GR 18335; (January, 1923) (Digest)
G.R. No. 18335 ; January 10, 1923
LORENZO ZAYCO, DIONISIO INZA, and SEVERINO LIZARRAGA, plaintiffs-appellants, vs. SALVADOR SERRA, VENANCIO CONCEPCION, and PHIL. C. WHITAKER, defendants-appellees.
FACTS
On November 7, 1918, Salvador Serra granted Lorenzo Zayco an option to purchase the Palma Central for P1,000,000, expiring on June 30, 1919. The contract provided that if Zayco could not pay the full price in cash, he would be given up to three years to pay the balance, upon posting a satisfactory bond, but it did not specify the amount of the initial cash payment. On June 28, 1919, Zayco, through counsel, sent a letter to Serra accepting the option, tendering P100,000 as an initial cash payment, and offering to assume Serra’s P600,000 loan from the Philippine National Bank as part of the arrangement. Serra received the letter on June 30, 1919, and on July 15, 1919, he informed Zayco that the option contract was cancelled. Zayco filed a complaint for specific performance. During the proceedings, Zayco alleged that a subsequent oral agreement fixed the initial cash payment at P100,000, but the trial court found this unproven. Meanwhile, Serra sold the property to Venancio Concepcion and Phil. C. Whitaker on January 29, 1920, for P1,500,000. The trial court ruled in favor of the defendants, declaring the option contract void for lack of consideration and finding no perfected contract of sale.
ISSUE
1. Whether the option contract dated November 7, 1918, is valid and supported by consideration.
2. Whether Zayco’s acceptance on June 28, 1919, perfected a contract of sale.
3. Whether Zayco (and his assignees) are entitled to a right of first refusal or preference to purchase the property on the same terms as the sale to Concepcion and Whitaker.
RULING
1. *Yes, the option contract was supported by consideration and was valid. The Supreme Court reversed the trial court’s finding that the contract lacked consideration. While the contract itself did not expressly state the consideration, the law presumes consideration in contracts. The evidence showed that the consideration for the option was Zayco’s agreement to become a supporter of the Palma Central (supplying sugarcane) and his forbearance from accepting more favorable offers from a competing central, which constituted a legal detriment to Zayco and a benefit to Serra.

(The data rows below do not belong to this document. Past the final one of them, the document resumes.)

lemma dq_ge_feasibility_plus_curvature:
  assumes "0 \<le> \<tau>" "\<sigma> \<le> 1"
    and merit: "0 < g \<bullet> d + max (d \<bullet> (B *v d)) 0 \<Longrightarrow>
                  \<tau> * (g \<bullet> d + max (d \<bullet> (B *v d)) 0) \<le> (1 - \<sigma>) * norm cx"
  shows "\<sigma> * norm cx + \<tau> / 2 * max (d \<bullet> (B *v d)) 0 \<le> dq d \<tau> cx g B"
proof (cases "0 < g \<bullet> d + max (d \<bullet> (B *v d)) 0")
  case True
  with merit show ?thesis
    by (simp add: dq_def algebra_simps)
next
  case False
  then have "\<tau> * (g \<bullet> d + max (d \<bullet> (B *v d)) 0) \<le> 0"
    using \<open>0 \<le> \<tau>\<close> by (simp add: mult_nonneg_nonpos)
  moreover have "\<sigma> * norm cx \<le> norm cx"
    using \<open>\<sigma> \<le> 1\<close> mult_right_mono[of \<sigma> 1 "norm cx"] by simp
  ultimately show ?thesis
    by (simp add: dq_def algebra_simps)
qed

lemma sufficient_decrease_constant:
  fixes \<tau> \<tau>0 \<sigma> k1 ku kv a2 v2 c M :: real
  assumes "0 \<le> \<tau>" "\<tau> \<le> \<tau>0" "0 < \<tau>0" "0 < \<sigma>" "0 < k1" "1 \<le> ku" "0 \<le> kv"
    and "0 \<le> v2" "0 \<le> c" "0 \<le> M" "v2 \<le> kv * c"
    and curv: "ku * v2 \<le> a2 \<Longrightarrow> k1 / 2 * a2 \<le> M"
  shows "min (k1 / 8) (\<sigma> / (\<tau>0 * ((ku + 1) * kv + 1))) * \<tau> * (a2 + v2 + c)
           \<le> \<sigma> * c + \<tau> / 2 * M"
proof -
  define K where "K = (ku + 1) * kv + 1"
  define kq where "kq = min (k1 / 8) (\<sigma> / (\<tau>0 * K))"
  have "1 \<le> K"
    using assms by (simp add: K_def)
  have "0 \<le> kq"
    using assms \<open>1 \<le> K\<close> by (simp add: kq_def)
  have "\<tau> * K \<le> \<tau>0 * K"
    using assms \<open>1 \<le> K\<close> by (simp add: mult_right_mono)
  then have "kq * \<tau> * K \<le> kq * (\<tau>0 * K)"
    using \<open>0 \<le> kq\<close> by (simp add: mult_left_mono mult.assoc)
  also have "\<dots> \<le> \<sigma>"
  proof -
    have "kq \<le> \<sigma> / (\<tau>0 * K)"
      unfolding kq_def by (rule min.cobounded2)
    then show ?thesis
      using assms \<open>1 \<le> K\<close> by (simp add: pos_le_divide_eq)
  qed
  finally have kq_tau: "kq * \<tau> * K \<le> \<sigma>" .
  have "kq * \<tau> * 1 \<le> kq * \<tau> * K"
    using \<open>1 \<le> K\<close> \<open>0 \<le> kq\<close> \<open>0 \<le> \<tau>\<close> by (intro mult_left_mono) auto
  with kq_tau have "kq * \<tau> \<le> \<sigma>"
    by simp
  show ?thesis
  proof (cases "ku * v2 \<le> a2")
    case True
    then have "a2 + v2 \<le> 2 * a2"
      using assms mult_right_mono[of 1 ku v2] by simp
    have "kq \<le> k1 / 8"
      unfolding kq_def by (rule min.cobounded1)
    then have "kq * \<tau> \<le> k1 / 8 * \<tau>"
      using \<open>0 \<le> \<tau>\<close> by (rule mult_right_mono)
    then have "kq * \<tau> * (a2 + v2) \<le> k1 / 8 * \<tau> * (2 * a2)"
      using \<open>a2 + v2 \<le> 2 * a2\<close> assms True mult_mono[of "kq * \<tau>" "k1 / 8 * \<tau>" "a2 + v2" "2 * a2"]
      by (simp add: mult_right_mono)
    also have "\<dots> \<le> \<tau> / 2 * M"
      using curv[OF True] \<open>0 \<le> \<tau>\<close> mult_left_mono[of "k1 / 2 * a2" M "\<tau> / 2"] by simp
    finally have "kq * \<tau> * (a2 + v2) \<le> \<tau> / 2 * M" .
    moreover have "kq * \<tau> * c \<le> \<sigma> * c"
      using \<open>kq * \<tau> \<le> \<sigma>\<close> \<open>0 \<le> c\<close> by (rule mult_right_mono)
    ultimately show ?thesis
      by (simp add: kq_def K_def algebra_simps)
  next
    case False
    then have "a2 + v2 + c \<le> K * c"
      using assms mult_left_mono[of v2 "kv * c" "ku + 1"] by (simp add: K_def algebra_simps)
    then have "kq * \<tau> * (a2 + v2 + c) \<le> kq * \<tau> * K * c"
      using assms \<open>0 \<le> kq\<close> by (simp add: mult_left_mono mult.assoc)
    also have "\<dots> \<le> \<sigma> * c"
      using kq_tau assms by (simp add: mult_right_mono)
    finally show ?thesis
      using assms by (simp add: kq_def K_def add_increasing2)
  qed
qed

lemma dfssqp_normal_step_bound:
  assumes run: "dfssqp_run F c xi Dl Dt b bt alpha beta sgm eps psi p kf kc g0 G0 tau0 nu0
                  x lam gbar Gbar Bbar Gt Bt dx dlam tau nu abar"
    and A1: "A1_bounds c Gjac X Dl Dt b bt x Gt Bt kcb k1G k2G k1Gt k2Gt k1B k2B"
    and "dx k = u + v" "Gt k *v u = 0" "v \<in> range (\<lambda>w. transpose (Gt k) *v w)" "0 < k1Gt"
  shows "max (norm v) ((norm v)\<^sup>2) \<le> (1 / sqrt k1Gt + kcb / k1Gt) * norm (c (x k))"
proof -
  have "0 \<le> kcb"
    using order.trans[OF norm_ge_zero A1_boundsD(1)[OF A1]] .
  have "Gt k *v v = - c (x k)"
    using dfssqp_run_linearized_constraint[OF run, of k] assms(3,4)
    by (simp add: matrix_vector_right_distrib)
  then have normal: "sqrt k1Gt * norm v \<le> norm (c (x k))"
    using norm_range_transpose_le[OF A1_boundsD(2)[OF A1] assms(6,5)] by simp
  then have norm_v: "norm v \<le> 1 / sqrt k1Gt * norm (c (x k))"
    using \<open>0 < k1Gt\<close> by (simp add: field_simps)
  have "k1Gt * (norm v)\<^sup>2 \<le> (norm (c (x k)))\<^sup>2"
    using power_mono[OF normal, of 2] \<open>0 < k1Gt\<close> by (simp add: power_mult_distrib)
  also have "\<dots> \<le> kcb * norm (c (x k))"
    using A1_boundsD(1)[OF A1] by (simp add: power2_eq_square mult_right_mono)
  finally have norm_v_sq: "(norm v)\<^sup>2 \<le> kcb / k1Gt * norm (c (x k))"
    using \<open>0 < k1Gt\<close> by (simp add: field_simps)
  have "0 \<le> 1 / sqrt k1Gt * norm (c (x k))" "0 \<le> kcb / k1Gt * norm (c (x k))"
    using \<open>0 < k1Gt\<close> \<open>0 \<le> kcb\<close> by simp_all
  with norm_v norm_v_sq show ?thesis
    by (simp add: distrib_right)
qed

lemma dfssqp_tangential_curvature:
  assumes A1: "A1_bounds c Gjac X Dl Dt b bt x Gt Bt kcb k1G k2G k1Gt k2Gt k1B k2B"
    and "dx k = u + v" "Gt k *v u = 0" "0 < k1B"
    and dominant: "(8 * k2B / k1B + 1)\<^sup>2 * (norm v)\<^sup>2 \<le> (norm u)\<^sup>2"
  shows "k1B / 2 * (norm u)\<^sup>2 \<le> dx k \<bullet> (Bt k *v dx k)"
proof -
  have "((8 * k2B / k1B + 1) * norm v)\<^sup>2 \<le> (norm u)\<^sup>2"
    using dominant by (simp only: power_mult_distrib)
  then have "(8 * k2B / k1B + 1) * norm v \<le> norm u"
    by (rule power2_le_imp_le) simp
  then show ?thesis
    unfolding \<open>dx k = u + v\<close>
    by (rule quadratic_form_tangential_dominant[OF A1_boundsD(3)[OF A1 \<open>Gt k *v u = 0\<close>]
          A1_boundsD(4)[OF A1] \<open>0 < k1B\<close>])
qed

2. No, Zayco’s acceptance did not perfect a contract of sale. The offer (the option contract) was incomplete because it did not specify the amount of the initial cash payment, a material term. Zayco’s acceptance letter, which specified P100,000 as the cash payment, constituted a counter-offer or a new proposal that varied the terms of the original offer. This counter-offer required acceptance by Serra to perfect the contract. Serra did not accept it; instead, he cancelled the offer. Therefore, no binding contract of sale was created. The Court also found Zayco’s evidence of a subsequent oral agreement fixing the cash amount insufficient and unreliable.
3. No, the plaintiffs are not entitled to enforce the right of first refusal or preference.* The contract granted Zayco a preference to purchase “over any other persons” after June 30, 1919, if Serra decided to sell. However, the majority of the Court held that the plaintiffs could not enforce this preference because they failed to make a formal offer to reimburse Concepcion and Whitaker for the expenses they had incurred under their contract with Serra, which was a necessary condition for substituting themselves as purchasers.
The judgment of the trial court absolving the defendants was affirmed.